#### Problem statement
In the entries below, the word "define" appears on some lines. Copy each of those lines.

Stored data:
━━━

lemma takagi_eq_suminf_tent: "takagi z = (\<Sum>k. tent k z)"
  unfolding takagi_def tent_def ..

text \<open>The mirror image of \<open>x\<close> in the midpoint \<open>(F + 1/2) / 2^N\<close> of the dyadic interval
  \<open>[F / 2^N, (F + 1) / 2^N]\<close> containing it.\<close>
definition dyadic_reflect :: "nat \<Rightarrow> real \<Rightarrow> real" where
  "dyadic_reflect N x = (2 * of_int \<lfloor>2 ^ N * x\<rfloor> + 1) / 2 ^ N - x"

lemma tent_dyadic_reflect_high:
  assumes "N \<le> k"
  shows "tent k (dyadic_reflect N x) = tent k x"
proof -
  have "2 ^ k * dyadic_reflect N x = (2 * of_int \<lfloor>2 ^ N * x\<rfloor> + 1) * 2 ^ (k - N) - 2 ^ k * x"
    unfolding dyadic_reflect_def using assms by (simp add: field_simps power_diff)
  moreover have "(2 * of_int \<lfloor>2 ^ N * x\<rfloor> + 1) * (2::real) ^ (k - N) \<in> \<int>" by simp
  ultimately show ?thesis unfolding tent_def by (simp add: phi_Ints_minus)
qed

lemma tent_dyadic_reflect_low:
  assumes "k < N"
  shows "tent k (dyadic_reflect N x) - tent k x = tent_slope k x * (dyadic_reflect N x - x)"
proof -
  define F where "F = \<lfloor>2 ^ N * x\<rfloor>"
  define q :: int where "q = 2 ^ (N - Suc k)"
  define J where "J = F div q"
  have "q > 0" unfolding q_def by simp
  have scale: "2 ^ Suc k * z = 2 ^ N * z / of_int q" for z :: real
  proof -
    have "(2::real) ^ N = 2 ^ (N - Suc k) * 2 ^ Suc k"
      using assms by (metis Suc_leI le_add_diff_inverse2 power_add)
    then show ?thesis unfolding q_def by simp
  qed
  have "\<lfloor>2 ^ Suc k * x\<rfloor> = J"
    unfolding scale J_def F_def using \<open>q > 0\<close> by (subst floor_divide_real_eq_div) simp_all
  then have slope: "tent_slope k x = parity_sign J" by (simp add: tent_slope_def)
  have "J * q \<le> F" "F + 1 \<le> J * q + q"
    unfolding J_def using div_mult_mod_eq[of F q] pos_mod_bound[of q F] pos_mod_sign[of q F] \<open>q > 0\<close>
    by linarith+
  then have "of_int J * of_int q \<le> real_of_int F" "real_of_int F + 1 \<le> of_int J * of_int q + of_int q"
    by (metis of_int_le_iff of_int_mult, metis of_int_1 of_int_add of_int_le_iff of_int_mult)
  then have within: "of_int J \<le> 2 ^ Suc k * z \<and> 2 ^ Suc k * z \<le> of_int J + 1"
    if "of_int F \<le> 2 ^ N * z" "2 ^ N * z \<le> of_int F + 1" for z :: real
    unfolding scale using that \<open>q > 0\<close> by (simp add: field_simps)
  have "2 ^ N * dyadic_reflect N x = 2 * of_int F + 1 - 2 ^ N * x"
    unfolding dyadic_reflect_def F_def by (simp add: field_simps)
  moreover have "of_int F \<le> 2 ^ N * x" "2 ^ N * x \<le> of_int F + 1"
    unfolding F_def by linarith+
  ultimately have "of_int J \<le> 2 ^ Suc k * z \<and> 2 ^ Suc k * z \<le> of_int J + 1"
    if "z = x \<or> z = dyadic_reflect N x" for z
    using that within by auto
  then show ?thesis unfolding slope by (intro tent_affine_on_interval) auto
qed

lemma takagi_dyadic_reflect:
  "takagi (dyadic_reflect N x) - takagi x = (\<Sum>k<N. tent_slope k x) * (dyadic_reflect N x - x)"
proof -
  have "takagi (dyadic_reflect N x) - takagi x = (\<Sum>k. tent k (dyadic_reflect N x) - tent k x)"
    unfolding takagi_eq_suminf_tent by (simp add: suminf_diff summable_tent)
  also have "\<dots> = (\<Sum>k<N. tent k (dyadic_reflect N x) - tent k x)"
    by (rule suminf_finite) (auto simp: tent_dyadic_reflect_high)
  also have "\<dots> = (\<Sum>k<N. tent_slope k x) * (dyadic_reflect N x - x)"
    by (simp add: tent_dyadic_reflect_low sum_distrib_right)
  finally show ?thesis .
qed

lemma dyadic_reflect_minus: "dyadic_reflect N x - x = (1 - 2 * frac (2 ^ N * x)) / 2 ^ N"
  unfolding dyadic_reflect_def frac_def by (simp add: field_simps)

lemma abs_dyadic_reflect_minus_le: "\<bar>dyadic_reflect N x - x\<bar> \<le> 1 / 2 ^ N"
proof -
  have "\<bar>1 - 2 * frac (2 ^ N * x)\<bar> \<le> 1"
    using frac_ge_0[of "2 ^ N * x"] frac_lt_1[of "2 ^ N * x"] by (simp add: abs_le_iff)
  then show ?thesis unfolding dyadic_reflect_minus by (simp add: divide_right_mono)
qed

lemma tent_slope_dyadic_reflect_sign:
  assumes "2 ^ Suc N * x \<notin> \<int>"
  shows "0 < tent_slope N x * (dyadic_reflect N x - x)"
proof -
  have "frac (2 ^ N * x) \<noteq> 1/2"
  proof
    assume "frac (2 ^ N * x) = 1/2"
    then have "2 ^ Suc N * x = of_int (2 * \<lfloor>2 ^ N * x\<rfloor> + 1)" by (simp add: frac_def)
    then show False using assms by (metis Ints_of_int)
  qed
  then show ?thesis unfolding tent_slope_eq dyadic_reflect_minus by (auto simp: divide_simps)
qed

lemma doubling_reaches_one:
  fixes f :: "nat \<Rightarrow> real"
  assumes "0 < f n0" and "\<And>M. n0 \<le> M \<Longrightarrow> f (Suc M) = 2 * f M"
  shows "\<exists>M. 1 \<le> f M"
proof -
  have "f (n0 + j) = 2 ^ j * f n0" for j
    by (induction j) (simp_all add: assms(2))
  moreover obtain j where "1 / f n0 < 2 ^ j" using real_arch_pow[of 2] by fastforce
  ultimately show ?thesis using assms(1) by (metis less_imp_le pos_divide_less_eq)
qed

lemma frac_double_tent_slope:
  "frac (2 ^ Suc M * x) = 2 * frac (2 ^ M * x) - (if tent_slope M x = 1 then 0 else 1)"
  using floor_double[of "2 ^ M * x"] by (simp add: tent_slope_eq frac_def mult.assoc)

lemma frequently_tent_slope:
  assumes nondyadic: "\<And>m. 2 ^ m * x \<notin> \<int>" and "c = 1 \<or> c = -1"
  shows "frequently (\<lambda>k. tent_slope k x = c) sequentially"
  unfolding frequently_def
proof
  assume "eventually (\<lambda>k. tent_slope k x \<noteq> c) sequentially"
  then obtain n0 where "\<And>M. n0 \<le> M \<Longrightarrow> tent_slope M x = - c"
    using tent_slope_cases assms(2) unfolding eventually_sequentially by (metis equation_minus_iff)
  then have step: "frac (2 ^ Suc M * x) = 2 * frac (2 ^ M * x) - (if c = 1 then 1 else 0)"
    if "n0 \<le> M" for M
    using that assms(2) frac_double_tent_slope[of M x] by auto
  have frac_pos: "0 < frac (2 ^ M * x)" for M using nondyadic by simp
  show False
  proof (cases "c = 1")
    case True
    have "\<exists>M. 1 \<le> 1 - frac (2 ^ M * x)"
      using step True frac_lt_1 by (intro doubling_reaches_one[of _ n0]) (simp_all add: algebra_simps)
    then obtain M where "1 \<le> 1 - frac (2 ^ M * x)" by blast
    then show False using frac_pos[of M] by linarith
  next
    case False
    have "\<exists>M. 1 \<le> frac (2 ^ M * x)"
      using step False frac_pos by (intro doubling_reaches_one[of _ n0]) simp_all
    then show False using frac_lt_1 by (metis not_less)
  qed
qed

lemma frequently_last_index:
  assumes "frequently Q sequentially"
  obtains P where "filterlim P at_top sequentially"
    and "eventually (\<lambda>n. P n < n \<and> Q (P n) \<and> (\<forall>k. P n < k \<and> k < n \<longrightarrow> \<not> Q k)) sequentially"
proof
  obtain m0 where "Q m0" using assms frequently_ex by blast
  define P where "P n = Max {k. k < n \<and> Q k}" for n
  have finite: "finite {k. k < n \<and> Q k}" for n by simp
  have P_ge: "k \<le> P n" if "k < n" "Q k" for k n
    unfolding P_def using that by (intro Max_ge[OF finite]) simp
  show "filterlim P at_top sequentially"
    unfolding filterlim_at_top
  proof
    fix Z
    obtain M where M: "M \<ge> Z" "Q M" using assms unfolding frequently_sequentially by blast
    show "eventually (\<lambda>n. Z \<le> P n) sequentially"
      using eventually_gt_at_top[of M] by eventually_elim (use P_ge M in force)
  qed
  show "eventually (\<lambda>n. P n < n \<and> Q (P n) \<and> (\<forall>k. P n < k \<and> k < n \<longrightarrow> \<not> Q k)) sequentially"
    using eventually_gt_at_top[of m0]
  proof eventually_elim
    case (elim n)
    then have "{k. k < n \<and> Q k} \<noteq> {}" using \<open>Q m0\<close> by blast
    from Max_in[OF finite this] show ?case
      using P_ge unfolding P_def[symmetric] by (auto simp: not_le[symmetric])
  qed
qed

━━━

#### Response
  define F where "F = \<lfloor>2 ^ N * x\<rfloor>"
  define q :: int where "q = 2 ^ (N - Suc k)"
  define J where "J = F div q"
  define P where "P n = Max {k. k < n \<and> Q k}" for n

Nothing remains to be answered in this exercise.